Innenminister Holger Stahlknecht hatte unlängst eine mögliche Förderung von 250 000 Euro für Rollrasen im Stadion in Aussicht gestellt. Aber nur, wenn die Stadt einen gleichen Anteil auf die Investitionswaage legt (wir berichteten).

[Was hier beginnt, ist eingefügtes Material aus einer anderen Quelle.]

(* Let f_0, ..., f_(n-1) be the pure traces of (G, u0). By Riesz decomposition, the positive
   functionals on G form a lattice, and distinct pure traces are disjoint in it; hence the f_i
   are linearly independent, and on a simple group a nonzero real combination of two or more of
   them takes arbitrarily small nonzero values, so no multiple of it is integer valued.
   Every state of (G, u) is a rescaled state of (G, u0), so if g has the constant value c on the
   states of (G, u) then f_i g = c * f_i u for all i. Choose functionals a_j in the span of the
   f_i and points y_0 = u, ..., y_(n-1) with a_j (y_l) = [j = l]; the a_j vanish on Inf(G).
   If rank (G/Inf) = n, a relation among y_0, ..., y_(n-1), g modulo Inf(G), read off in the
   coordinates a_j, shows that c is rational. If rank (G/Inf) = n + 1 and c were irrational,
   the relations among y_0, ..., y_(n-1), g, x would make a_1 rational valued, and finite
   generation of G/Inf(G) would make a multiple of a_1 integer valued. *)

theory Submission
  imports Defs HOL.Modules
begin

section \<open>Positive functionals\<close>

definition positive_functional :: "'g::ab_group_add set \<Rightarrow> ('g \<Rightarrow> real) \<Rightarrow> bool" where
  "positive_functional P f \<longleftrightarrow> additive f \<and> (\<forall>a\<in>P. 0 \<le> f a)"

definition le_on :: "'g set \<Rightarrow> ('g \<Rightarrow> real) \<Rightarrow> ('g \<Rightarrow> real) \<Rightarrow> bool" where
  "le_on P f g \<longleftrightarrow> (\<forall>a\<in>P. f a \<le> g a)"

lemma nsmul_add: "nsmul (m + k) a = nsmul m a + nsmul k a"
  by (induction m) (auto simp: algebra_simps)

lemma additive_nsmul: "additive f \<Longrightarrow> f (nsmul n a) = real n * f a"
  by (induction n) (auto simp: additive.zero additive.add algebra_simps)

lemma additive_zsmul: "additive f \<Longrightarrow> f (zsmul k a) = real_of_int k * f a"
  by (auto simp: zsmul_def additive_nsmul additive.minus)

lemma additive_lin_comb:
  fixes f :: "'i \<Rightarrow> 'g::ab_group_add \<Rightarrow> real"
  assumes "\<And>i. i \<in> A \<Longrightarrow> additive (f i)"
  shows "additive (\<lambda>x. \<Sum>i\<in>A. c i * f i x)"
  by (rule additive.intro) (simp add: assms additive.add distrib_left sum.distrib)

lemma additive_scale: "additive f \<Longrightarrow> additive (\<lambda>x. c * f x :: real)"
  by (rule additive.intro) (simp add: additive.add distrib_left)

lemma positive_functional_lin_comb:
  "(\<And>i. i \<in> A \<Longrightarrow> positive_functional P (f i)) \<Longrightarrow> (\<And>i. i \<in> A \<Longrightarrow> 0 \<le> c i)
    \<Longrightarrow> positive_functional P (\<lambda>x. \<Sum>i\<in>A. c i * f i x)"
  unfolding positive_functional_def by (auto intro!: additive_lin_comb sum_nonneg)
definition torsion :: "nat \<Rightarrow> nat \<Rightarrow> (nat \<Rightarrow> nat \<Rightarrow> 'c::field) list \<Rightarrow> (nat \<Rightarrow> 'c) set" where
  "torsion q m as = {x \<in> cvec m. \<exists>a. a \<noteq> 0 \<and> (\<forall>j. coeff a j \<in> Fq q) \<and> Phi_poly m q as a x = (\<lambda>_. 0)}"

text \<open>Hom_K(A, G_a) = K{tau}^m, as functions C^m -> C\<close>
definition hom_Ga :: "nat \<Rightarrow> 'c::field set \<Rightarrow> nat \<Rightarrow> ((nat \<Rightarrow> 'c) \<Rightarrow> 'c) \<Rightarrow> bool" where
  "hom_Ga q K m h \<longleftrightarrow> (\<exists>n b. (\<forall>k i. b k i \<in> K) \<and>
      h = (\<lambda>x. \<Sum>k<m. \<Sum>i\<le>n. b k i * x k ^ (q ^ i)))"

text \<open>Hom_K(A,G_a) is a finitely generated K[T]-module (T.f = f o Phi(T))\<close>
definition hom_fin_gen :: "nat \<Rightarrow> 'c::field set \<Rightarrow> nat \<Rightarrow> (nat \<Rightarrow> nat \<Rightarrow> 'c) list \<Rightarrow> bool" where
  "hom_fin_gen q K m as \<longleftrightarrow> (\<exists>gs. (\<forall>g\<in>set gs. hom_Ga q K m g) \<and>
      (\<forall>h. hom_Ga q K m h \<longrightarrow> (\<exists>N c. (\<forall>j l. c j l \<in> K) \<and>
          h = (\<lambda>x. \<Sum>j<length gs. \<Sum>l\<le>N. c j l * (gs ! j) ((twist_apply m q as ^^ l) x)))))"
theory Submission
  imports Defs
begin

text \<open>Write x_m = p_m^2, so that u_a is the a-th elementary symmetric function e_a of the x_m, and
  let e_a(k) denote the same function of the x_m with m ~= k. Then du_(c+1)/dp_k = 2 p_k e_c(k), hence
  g^(c+1,d+1) = 4 (sum over k ~= l of e_c(k) e_d(l)) = 4 ((n-c)(n-d) u_c u_d - sum_k e_c(k) e_d(k)).
  Removing x_k from e_(c+1) yields a recursion in (c, d) for the last sum, which expresses it as a
  quadratic polynomial in the u_a; in the resulting polynomial for g the coordinate u_(n-1) occurs at most
  linearly. Since e = d/du_(n-1) has constant components, L_e T = dT/du_(n-1) for every contravariant
  2-tensor T, so L_e g = eta, and L_e eta = d^2 g/du_(n-1)^2 = 0.\<close>

section \<open>Elementary symmetric polynomials\<close>

definition esym :: "('b \<Rightarrow> 'a::comm_ring_1) \<Rightarrow> 'b set \<Rightarrow> nat \<Rightarrow> 'a" where
  "esym x I a = (\<Sum>S\<in>{S. S \<subseteq> I \<and> card S = a}. \<Prod>i\<in>S. x i)"

lemma esym_0 [simp]:
  assumes "finite I"
  shows "esym x I 0 = 1"
proof -
  have "{S. S \<subseteq> I \<and> card S = 0} = {{}}"
    using assms finite_subset by fastforce
  then show ?thesis by (simp add: esym_def)
qed

lemma esym_eq_0:
  assumes "finite I" "card I < a"
  shows "esym x I a = 0"
proof -
  have "card S < a" if "S \<subseteq> I" for S
    using card_mono[OF assms(1) that] assms(2) by linarith
  then have "{S. S \<subseteq> I \<and> card S = a} = {}"
    by blast
  then show ?thesis
    by (simp only: esym_def sum.empty)
qed

lemma esym_cong: "(\<And>i. i \<in> I \<Longrightarrow> x i = y i) \<Longrightarrow> esym x I a = esym y I a"
  unfolding esym_def by (intro sum.cong refl prod.cong) auto

lemma subsets_card_Suc_insert:
  assumes "finite I" "k \<notin> I"
  shows "{S. S \<subseteq> insert k I \<and> card S = Suc a}
       = {S. S \<subseteq> I \<and> card S = Suc a} \<union> insert k ` {S. S \<subseteq> I \<and> card S = a}"
proof (intro equalityI subsetI)
  fix S assume S: "S \<in> {S. S \<subseteq> insert k I \<and> card S = Suc a}"
  then have "finite S" using assms(1) finite_subset by auto
  then show "S \<in> {S. S \<subseteq> I \<and> card S = Suc a} \<union> insert k ` {S. S \<subseteq> I \<and> card S = a}"
    using S by (cases "k \<in> S") (auto simp: image_iff intro!: exI[of _ "S - {k}"])
next
  fix S assume "S \<in> {S. S \<subseteq> I \<and> card S = Suc a} \<union> insert k ` {S. S \<subseteq> I \<and> card S = a}"
  then show "S \<in> {S. S \<subseteq> insert k I \<and> card S = Suc a}"
    using assms by (auto simp: card_insert_if finite_subset)
qed

lemma esym_insert:
  assumes "finite I" "k \<notin> I"
  shows "esym x (insert k I) (Suc a) = esym x I (Suc a) + x k * esym x I a"
proof -
  let ?A = "{S. S \<subseteq> I \<and> card S = Suc a}" and ?B = "{S. S \<subseteq> I \<and> card S = a}"
  have "inj_on (insert k) ?B"
    using assms(2) by (auto simp: inj_on_def)
  moreover have "(\<Prod>i\<in>insert k S. x i) = x k * (\<Prod>i\<in>S. x i)" if "S \<in> ?B" for S
    using that assms by (auto intro: prod.insert finite_subset)
  ultimately have "(\<Sum>S\<in>insert k ` ?B. \<Prod>i\<in>S. x i) = x k * esym x I a"
    by (simp add: sum.reindex esym_def sum_distrib_left)
  moreover have "esym x (insert k I) (Suc a)
      = (\<Sum>S\<in>?A. \<Prod>i\<in>S. x i) + (\<Sum>S\<in>insert k ` ?B. \<Prod>i\<in>S. x i)"
    unfolding esym_def subsets_card_Suc_insert[OF assms]
    by (rule sum.union_disjoint) (use assms in auto)
  ultimately show ?thesis
    by (simp add: esym_def)
qed

lemma esym_remove:
  "finite I \<Longrightarrow> k \<in> I \<Longrightarrow> esym x I (Suc a) = esym x (I - {k}) (Suc a) + x k * esym x (I - {k}) a"
  using esym_insert[of "I - {k}" k x a] by (simp add: insert_absorb)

Peter Fernitz (CDU) sprach eine Finanzierung in Jahresscheiben und das Salzwedeler Sportstättenkonzept an. Die Bürgermeisterin konterte, dass auch Vereine Fördermittel beantragen könnten und sogar 80 Prozent Zuschüsse bekommen würden. Dafür sei das Sportstättenkonzept gemacht worden. Aber der städtische Anteil bleibt. „Wir können alles in den Haushalt reinschreiben – aber wenn wir die Miete nicht zusammenbekommen ...“

Ähnlich sieht es auch mit dem Liestener Waldbad aus. Dort stünde eine Komplettsanierung an. Ein Grund, warum der Waldbadverein das Areal nicht übernehmen will bzw. gar nicht kann.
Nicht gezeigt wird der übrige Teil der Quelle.